Required action –
Identify, in the records below, every line where the string "else" appears, and copy each such line.

Top of Data provided

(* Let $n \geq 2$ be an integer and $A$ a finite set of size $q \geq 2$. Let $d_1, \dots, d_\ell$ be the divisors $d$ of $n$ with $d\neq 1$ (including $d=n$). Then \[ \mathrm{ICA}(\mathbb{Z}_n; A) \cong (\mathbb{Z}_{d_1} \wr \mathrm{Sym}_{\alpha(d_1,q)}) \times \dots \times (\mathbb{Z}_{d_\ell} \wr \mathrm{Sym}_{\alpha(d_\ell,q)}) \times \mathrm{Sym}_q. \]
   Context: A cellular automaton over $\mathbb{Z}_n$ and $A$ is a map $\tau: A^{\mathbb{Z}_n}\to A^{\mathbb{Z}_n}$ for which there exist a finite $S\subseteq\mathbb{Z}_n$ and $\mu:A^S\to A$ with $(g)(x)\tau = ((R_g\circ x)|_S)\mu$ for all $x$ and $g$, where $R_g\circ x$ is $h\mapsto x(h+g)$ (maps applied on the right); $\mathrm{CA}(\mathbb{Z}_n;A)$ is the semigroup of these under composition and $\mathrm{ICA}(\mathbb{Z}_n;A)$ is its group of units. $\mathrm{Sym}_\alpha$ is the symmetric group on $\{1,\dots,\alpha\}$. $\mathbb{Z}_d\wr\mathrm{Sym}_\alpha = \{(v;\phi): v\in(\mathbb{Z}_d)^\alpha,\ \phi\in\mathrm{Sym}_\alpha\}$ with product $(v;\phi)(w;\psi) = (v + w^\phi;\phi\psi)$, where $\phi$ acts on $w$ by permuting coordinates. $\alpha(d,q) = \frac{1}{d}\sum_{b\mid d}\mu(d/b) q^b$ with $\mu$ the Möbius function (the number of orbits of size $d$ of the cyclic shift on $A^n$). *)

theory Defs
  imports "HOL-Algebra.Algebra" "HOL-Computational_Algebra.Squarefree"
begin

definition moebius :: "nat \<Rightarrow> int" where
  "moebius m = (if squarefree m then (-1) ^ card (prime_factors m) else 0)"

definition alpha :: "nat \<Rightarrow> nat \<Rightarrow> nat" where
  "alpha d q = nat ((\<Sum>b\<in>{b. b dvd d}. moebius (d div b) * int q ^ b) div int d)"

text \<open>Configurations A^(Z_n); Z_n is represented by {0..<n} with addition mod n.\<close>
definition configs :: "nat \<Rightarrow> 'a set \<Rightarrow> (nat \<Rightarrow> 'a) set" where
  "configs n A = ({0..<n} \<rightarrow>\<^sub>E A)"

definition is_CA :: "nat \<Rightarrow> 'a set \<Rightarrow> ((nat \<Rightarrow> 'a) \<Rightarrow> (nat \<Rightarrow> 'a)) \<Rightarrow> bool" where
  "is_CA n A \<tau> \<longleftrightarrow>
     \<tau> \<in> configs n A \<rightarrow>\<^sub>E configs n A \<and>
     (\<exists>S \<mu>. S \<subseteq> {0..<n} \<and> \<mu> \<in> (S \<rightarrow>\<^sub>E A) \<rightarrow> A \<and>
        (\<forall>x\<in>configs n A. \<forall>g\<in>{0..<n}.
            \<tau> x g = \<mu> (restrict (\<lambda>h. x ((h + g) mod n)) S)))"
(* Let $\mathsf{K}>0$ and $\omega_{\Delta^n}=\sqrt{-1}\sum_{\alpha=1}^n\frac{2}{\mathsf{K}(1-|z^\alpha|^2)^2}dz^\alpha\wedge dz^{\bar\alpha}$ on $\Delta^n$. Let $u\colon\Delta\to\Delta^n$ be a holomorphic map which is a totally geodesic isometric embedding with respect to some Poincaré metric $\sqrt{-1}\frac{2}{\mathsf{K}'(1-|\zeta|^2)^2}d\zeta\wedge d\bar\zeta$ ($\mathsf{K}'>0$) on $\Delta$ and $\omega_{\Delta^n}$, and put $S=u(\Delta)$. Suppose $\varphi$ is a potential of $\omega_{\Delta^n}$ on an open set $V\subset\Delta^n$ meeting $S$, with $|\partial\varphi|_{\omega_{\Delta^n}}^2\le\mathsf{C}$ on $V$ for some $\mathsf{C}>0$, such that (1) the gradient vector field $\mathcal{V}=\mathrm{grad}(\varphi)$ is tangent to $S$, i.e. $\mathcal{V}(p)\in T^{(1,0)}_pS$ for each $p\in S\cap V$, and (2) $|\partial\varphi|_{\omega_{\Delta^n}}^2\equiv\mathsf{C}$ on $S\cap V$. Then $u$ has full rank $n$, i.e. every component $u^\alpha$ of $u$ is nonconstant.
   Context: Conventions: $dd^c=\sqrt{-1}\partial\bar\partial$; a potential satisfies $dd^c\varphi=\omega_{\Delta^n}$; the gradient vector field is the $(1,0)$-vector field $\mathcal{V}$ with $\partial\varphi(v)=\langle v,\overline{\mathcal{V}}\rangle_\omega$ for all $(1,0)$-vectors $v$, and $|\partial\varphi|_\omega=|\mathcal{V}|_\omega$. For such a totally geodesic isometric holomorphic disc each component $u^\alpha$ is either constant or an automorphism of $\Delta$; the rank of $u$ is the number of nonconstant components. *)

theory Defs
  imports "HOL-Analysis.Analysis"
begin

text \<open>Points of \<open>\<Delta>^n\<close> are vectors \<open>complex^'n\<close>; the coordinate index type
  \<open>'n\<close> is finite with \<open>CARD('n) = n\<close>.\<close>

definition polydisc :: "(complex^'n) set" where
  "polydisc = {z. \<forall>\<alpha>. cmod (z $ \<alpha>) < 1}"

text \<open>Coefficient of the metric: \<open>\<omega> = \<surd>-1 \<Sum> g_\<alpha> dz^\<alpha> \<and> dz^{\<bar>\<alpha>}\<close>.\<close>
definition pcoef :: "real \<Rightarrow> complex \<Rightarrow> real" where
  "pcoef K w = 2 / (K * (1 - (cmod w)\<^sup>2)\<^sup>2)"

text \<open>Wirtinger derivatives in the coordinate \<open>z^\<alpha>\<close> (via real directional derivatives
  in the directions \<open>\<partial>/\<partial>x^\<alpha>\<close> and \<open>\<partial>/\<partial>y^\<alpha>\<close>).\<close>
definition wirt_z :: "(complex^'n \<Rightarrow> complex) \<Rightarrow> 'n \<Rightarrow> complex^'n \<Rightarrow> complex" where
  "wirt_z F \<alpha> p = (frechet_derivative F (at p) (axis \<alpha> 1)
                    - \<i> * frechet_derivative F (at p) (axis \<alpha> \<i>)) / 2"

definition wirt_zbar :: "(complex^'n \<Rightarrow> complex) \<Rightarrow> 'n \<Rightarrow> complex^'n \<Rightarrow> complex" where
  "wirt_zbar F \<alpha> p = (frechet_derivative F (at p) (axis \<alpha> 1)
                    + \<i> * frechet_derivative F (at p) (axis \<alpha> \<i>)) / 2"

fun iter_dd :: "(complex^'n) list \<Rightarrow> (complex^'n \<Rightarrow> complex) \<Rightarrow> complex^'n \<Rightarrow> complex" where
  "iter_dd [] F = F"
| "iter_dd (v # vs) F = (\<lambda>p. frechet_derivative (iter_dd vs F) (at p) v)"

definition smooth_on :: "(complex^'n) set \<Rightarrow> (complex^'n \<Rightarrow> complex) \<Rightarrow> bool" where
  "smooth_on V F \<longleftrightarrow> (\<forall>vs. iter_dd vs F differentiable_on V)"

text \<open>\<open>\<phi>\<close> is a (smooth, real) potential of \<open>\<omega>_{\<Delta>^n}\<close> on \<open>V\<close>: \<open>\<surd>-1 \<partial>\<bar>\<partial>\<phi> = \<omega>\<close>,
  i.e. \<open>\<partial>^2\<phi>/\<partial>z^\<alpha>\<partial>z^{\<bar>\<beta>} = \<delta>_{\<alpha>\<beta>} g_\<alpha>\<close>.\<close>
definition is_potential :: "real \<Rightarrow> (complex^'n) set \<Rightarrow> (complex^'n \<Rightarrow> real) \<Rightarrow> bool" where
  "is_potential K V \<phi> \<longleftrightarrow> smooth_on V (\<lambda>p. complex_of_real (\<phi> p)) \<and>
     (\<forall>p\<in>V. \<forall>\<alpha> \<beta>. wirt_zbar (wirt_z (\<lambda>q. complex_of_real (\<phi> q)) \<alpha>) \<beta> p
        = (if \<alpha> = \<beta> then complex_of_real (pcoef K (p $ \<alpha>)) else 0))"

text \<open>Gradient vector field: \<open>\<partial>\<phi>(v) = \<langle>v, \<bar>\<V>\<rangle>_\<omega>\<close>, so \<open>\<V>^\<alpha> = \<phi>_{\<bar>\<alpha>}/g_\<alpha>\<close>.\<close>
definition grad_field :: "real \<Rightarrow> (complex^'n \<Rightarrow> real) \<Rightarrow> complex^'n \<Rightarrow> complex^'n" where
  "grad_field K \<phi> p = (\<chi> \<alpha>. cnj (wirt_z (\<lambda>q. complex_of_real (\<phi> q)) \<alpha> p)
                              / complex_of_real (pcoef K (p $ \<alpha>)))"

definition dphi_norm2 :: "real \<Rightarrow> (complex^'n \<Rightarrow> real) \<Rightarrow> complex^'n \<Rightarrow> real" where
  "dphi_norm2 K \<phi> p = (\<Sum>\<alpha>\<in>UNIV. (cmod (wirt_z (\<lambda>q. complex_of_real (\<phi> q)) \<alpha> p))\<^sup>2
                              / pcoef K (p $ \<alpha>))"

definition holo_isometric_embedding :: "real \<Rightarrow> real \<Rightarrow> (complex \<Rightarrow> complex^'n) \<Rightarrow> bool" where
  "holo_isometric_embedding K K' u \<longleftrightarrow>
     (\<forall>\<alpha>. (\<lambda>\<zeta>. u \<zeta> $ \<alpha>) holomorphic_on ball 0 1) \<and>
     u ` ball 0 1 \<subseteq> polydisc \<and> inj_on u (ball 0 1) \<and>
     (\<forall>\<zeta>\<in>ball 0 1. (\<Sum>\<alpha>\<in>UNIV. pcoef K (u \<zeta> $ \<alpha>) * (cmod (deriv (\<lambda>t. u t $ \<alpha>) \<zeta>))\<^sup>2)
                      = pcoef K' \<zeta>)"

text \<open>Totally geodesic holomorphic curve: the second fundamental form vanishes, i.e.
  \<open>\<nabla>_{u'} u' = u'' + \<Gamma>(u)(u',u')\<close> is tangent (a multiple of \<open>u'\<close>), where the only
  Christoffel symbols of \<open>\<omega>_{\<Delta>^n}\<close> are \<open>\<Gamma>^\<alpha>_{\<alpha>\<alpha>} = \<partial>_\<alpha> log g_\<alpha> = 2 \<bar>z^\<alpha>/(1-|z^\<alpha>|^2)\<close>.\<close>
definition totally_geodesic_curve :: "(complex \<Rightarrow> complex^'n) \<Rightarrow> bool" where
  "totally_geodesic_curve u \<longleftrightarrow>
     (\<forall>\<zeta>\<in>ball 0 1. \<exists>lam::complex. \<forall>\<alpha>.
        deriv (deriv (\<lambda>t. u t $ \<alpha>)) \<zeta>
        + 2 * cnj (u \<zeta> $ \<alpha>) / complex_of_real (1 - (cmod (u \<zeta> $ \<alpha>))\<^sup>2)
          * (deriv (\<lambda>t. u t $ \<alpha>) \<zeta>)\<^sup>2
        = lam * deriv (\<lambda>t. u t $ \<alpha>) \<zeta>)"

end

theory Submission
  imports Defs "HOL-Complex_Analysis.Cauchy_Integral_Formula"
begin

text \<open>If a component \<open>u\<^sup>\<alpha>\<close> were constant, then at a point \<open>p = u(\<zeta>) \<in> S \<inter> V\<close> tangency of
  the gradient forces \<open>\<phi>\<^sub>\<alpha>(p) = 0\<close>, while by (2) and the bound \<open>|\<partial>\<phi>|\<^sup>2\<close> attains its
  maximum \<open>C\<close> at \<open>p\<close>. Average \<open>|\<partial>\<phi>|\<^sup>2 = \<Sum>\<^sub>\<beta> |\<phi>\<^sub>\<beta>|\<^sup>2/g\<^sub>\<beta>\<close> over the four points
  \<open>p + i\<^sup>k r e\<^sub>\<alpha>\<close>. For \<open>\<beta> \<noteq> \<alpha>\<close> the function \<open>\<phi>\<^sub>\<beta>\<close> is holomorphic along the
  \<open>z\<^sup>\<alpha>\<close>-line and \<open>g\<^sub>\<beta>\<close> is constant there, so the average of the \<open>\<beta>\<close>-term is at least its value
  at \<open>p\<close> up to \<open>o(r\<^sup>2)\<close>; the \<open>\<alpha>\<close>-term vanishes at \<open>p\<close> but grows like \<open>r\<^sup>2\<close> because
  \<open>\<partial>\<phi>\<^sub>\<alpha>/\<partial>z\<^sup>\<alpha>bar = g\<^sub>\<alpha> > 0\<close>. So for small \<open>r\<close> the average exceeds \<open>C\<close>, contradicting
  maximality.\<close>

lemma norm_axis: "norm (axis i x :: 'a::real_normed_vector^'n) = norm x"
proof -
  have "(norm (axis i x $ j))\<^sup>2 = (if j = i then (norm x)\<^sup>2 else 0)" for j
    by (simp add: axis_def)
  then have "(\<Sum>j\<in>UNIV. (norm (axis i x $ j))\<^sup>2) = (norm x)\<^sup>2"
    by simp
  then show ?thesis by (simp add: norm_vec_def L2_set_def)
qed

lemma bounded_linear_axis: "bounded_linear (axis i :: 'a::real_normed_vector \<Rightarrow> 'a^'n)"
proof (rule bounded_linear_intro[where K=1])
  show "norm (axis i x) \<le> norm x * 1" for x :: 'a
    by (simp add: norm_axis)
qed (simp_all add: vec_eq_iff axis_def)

Bottom of Data provided
Top of Data provided

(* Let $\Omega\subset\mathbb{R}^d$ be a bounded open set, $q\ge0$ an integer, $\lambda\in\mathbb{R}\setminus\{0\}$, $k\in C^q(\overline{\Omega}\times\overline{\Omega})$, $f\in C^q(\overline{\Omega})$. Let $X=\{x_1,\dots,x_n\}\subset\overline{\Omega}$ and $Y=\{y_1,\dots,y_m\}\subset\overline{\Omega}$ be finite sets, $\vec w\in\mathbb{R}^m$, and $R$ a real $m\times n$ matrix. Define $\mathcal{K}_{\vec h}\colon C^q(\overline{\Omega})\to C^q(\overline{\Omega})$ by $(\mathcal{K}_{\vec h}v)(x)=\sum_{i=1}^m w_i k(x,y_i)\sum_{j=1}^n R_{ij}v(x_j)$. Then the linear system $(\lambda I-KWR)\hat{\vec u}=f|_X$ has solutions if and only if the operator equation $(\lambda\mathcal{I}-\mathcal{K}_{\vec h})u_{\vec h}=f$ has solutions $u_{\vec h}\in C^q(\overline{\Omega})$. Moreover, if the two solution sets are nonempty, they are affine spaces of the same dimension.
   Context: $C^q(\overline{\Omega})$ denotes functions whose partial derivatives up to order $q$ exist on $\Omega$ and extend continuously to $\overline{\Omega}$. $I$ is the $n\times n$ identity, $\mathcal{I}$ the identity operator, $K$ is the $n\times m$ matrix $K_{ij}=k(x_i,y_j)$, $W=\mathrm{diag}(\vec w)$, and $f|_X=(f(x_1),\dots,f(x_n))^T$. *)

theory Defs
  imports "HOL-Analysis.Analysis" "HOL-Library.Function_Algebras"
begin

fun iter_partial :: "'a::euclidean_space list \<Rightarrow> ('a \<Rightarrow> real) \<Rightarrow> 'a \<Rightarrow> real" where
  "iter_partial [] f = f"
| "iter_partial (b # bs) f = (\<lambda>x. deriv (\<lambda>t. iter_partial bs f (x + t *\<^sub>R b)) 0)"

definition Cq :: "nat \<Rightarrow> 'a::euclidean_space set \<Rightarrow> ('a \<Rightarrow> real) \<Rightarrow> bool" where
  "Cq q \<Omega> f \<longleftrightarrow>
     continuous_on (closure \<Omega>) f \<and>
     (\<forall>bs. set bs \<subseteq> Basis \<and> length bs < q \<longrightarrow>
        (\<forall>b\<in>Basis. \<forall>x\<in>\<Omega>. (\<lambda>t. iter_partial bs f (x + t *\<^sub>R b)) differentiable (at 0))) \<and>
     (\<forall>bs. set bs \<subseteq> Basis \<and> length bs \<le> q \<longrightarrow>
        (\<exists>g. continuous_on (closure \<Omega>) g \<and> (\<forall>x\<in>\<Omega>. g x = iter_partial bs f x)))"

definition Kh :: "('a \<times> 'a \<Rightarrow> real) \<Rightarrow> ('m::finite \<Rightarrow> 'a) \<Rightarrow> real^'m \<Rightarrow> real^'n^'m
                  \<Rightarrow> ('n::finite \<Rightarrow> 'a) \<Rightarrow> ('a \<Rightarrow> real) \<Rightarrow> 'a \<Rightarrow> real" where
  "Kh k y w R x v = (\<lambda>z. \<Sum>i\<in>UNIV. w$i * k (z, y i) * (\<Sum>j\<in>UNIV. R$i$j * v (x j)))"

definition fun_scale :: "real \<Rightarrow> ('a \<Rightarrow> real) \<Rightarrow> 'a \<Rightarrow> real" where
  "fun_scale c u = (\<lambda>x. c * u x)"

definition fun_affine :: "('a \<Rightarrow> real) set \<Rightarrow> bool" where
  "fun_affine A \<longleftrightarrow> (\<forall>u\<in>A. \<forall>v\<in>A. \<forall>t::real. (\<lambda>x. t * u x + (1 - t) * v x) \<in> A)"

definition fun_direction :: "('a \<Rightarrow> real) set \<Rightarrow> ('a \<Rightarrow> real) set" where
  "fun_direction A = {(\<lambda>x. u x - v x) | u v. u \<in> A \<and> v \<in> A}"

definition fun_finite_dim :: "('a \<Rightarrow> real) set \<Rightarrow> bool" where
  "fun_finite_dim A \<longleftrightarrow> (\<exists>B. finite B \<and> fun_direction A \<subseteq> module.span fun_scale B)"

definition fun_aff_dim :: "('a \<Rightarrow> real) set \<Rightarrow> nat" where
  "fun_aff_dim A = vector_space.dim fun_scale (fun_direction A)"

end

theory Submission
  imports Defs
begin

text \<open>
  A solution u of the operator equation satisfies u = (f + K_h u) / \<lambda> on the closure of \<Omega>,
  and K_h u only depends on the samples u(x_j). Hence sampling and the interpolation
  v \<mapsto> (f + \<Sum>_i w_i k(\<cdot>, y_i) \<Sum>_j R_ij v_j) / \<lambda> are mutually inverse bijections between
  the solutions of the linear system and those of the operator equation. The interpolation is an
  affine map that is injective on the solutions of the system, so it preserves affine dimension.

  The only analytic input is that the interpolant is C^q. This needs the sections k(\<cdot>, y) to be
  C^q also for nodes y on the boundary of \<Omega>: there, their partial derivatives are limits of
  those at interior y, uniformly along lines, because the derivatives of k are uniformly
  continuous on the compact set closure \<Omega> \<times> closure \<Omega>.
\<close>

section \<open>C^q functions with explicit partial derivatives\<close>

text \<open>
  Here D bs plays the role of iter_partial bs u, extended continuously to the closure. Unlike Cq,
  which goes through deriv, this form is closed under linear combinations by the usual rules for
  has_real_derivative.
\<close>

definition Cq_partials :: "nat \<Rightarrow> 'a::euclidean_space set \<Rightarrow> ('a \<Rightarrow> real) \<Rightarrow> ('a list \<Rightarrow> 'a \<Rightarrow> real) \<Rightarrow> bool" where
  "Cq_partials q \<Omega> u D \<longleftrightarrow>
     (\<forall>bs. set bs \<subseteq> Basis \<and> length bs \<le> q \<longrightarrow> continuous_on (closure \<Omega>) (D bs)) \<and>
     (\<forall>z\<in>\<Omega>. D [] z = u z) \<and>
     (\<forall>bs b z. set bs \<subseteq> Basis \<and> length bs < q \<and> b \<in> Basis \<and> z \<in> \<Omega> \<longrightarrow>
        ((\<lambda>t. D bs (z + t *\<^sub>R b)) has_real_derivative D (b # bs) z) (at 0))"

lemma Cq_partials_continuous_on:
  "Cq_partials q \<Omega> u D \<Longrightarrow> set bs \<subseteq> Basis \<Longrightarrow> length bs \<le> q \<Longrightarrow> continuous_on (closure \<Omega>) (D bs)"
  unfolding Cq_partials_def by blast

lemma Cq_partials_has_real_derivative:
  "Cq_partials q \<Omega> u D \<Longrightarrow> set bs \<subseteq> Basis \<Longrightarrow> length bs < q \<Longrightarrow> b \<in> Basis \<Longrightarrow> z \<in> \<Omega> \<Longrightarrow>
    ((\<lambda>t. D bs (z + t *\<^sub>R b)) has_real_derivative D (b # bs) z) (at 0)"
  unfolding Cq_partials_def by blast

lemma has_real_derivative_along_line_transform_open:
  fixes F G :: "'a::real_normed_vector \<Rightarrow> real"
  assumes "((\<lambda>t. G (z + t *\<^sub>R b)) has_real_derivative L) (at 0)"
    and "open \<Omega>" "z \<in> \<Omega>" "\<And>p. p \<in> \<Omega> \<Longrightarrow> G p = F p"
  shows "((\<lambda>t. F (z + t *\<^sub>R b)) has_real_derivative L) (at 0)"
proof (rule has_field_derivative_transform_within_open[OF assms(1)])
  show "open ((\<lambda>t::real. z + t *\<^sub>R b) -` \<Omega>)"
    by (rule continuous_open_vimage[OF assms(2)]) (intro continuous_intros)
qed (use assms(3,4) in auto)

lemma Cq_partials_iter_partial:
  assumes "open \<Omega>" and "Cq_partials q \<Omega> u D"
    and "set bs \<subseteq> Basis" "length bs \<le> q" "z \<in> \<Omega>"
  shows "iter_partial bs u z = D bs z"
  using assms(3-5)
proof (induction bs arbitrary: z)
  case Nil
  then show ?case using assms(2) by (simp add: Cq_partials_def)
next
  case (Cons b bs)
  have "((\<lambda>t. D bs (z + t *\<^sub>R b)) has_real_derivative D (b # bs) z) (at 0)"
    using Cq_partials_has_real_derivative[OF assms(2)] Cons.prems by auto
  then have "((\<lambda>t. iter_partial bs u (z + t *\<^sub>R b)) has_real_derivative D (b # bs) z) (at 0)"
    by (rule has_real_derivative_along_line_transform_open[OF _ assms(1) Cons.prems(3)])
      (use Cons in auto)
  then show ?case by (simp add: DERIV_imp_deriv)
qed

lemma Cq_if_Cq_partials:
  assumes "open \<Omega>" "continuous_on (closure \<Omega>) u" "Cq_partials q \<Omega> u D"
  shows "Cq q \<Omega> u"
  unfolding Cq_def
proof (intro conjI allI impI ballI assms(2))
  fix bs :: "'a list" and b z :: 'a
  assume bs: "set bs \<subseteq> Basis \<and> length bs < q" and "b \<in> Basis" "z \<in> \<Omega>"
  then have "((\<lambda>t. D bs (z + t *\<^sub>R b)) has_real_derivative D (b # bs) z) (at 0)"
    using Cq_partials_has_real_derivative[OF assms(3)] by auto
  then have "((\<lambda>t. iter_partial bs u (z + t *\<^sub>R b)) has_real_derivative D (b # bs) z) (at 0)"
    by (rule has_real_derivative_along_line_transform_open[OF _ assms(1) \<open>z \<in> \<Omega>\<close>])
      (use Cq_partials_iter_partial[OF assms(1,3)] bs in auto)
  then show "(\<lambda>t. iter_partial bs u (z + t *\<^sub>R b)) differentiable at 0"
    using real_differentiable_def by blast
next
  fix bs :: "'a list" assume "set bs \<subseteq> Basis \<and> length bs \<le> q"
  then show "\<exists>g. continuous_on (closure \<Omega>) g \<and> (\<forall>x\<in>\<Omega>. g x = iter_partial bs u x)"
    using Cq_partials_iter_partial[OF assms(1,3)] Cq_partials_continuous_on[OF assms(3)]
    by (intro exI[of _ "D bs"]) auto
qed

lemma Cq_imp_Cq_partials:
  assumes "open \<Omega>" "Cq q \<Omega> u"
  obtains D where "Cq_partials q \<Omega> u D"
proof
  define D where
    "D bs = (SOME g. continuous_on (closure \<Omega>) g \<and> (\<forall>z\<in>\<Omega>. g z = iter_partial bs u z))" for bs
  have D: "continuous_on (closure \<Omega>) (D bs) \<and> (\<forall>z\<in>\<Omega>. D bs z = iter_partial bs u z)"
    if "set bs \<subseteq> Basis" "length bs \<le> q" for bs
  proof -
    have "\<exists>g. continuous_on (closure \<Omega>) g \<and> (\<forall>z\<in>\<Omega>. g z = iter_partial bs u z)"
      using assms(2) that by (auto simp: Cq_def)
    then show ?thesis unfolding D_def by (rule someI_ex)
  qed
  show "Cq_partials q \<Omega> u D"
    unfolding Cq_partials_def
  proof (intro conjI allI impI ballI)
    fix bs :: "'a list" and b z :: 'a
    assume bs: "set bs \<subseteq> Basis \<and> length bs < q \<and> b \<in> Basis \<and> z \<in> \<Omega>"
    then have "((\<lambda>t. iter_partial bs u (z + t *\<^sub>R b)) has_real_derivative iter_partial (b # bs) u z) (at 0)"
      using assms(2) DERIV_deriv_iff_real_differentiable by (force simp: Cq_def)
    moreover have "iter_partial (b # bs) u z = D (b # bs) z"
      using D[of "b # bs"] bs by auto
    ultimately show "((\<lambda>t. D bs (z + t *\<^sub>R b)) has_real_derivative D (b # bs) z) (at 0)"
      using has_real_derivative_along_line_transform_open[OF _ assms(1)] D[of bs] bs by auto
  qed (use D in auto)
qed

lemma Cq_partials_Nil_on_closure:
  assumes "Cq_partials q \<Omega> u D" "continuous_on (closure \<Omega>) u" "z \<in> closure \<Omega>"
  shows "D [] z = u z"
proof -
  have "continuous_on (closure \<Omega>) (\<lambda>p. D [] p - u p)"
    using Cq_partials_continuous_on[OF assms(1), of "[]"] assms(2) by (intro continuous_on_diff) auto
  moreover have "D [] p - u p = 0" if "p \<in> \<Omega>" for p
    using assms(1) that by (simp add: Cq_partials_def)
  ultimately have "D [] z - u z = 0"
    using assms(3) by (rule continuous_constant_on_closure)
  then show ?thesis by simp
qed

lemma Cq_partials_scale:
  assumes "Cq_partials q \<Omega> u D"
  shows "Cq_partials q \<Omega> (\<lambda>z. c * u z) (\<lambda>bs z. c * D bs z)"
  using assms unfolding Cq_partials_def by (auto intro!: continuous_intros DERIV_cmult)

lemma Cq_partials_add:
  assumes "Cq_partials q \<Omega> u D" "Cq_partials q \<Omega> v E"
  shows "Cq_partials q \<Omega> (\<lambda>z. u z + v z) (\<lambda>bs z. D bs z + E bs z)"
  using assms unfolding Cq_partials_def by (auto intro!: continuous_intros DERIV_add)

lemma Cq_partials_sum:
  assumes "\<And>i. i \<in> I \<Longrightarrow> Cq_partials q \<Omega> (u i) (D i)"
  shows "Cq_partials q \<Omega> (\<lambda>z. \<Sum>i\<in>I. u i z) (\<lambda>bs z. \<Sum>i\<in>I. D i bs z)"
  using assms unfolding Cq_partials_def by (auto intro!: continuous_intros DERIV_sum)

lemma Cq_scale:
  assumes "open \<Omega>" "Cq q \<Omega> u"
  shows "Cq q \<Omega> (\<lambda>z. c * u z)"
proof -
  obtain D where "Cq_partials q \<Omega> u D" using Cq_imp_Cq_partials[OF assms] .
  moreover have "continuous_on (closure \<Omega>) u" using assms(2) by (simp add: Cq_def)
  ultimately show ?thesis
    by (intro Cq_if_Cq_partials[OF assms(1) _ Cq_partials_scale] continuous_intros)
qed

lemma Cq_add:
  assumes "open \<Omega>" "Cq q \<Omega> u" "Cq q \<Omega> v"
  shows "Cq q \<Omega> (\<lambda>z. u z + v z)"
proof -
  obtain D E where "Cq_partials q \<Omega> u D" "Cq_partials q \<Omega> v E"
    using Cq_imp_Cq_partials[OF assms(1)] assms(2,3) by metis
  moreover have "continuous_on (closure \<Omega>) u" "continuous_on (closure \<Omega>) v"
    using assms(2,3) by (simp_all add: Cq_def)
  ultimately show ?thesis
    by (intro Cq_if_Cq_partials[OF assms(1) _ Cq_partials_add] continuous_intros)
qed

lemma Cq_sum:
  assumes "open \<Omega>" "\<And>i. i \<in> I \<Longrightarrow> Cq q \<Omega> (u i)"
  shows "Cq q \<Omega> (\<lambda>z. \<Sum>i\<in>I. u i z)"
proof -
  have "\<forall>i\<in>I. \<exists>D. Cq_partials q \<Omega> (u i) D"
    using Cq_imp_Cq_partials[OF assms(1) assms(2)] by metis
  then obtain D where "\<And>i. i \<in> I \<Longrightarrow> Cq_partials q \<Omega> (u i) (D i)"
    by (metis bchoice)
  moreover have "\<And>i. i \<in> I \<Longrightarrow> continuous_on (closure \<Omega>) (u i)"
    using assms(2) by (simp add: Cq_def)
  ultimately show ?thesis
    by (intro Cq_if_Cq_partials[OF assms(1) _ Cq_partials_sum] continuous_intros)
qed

Bottom of Data provided

Answer box –
  "moebius m = (if squarefree m then (-1) ^ card (prime_factors m) else 0)"
        = (if \<alpha> = \<beta> then complex_of_real (pcoef K (p $ \<alpha>)) else 0))"
  have "(norm (axis i x $ j))\<^sup>2 = (if j = i then (norm x)\<^sup>2 else 0)" for j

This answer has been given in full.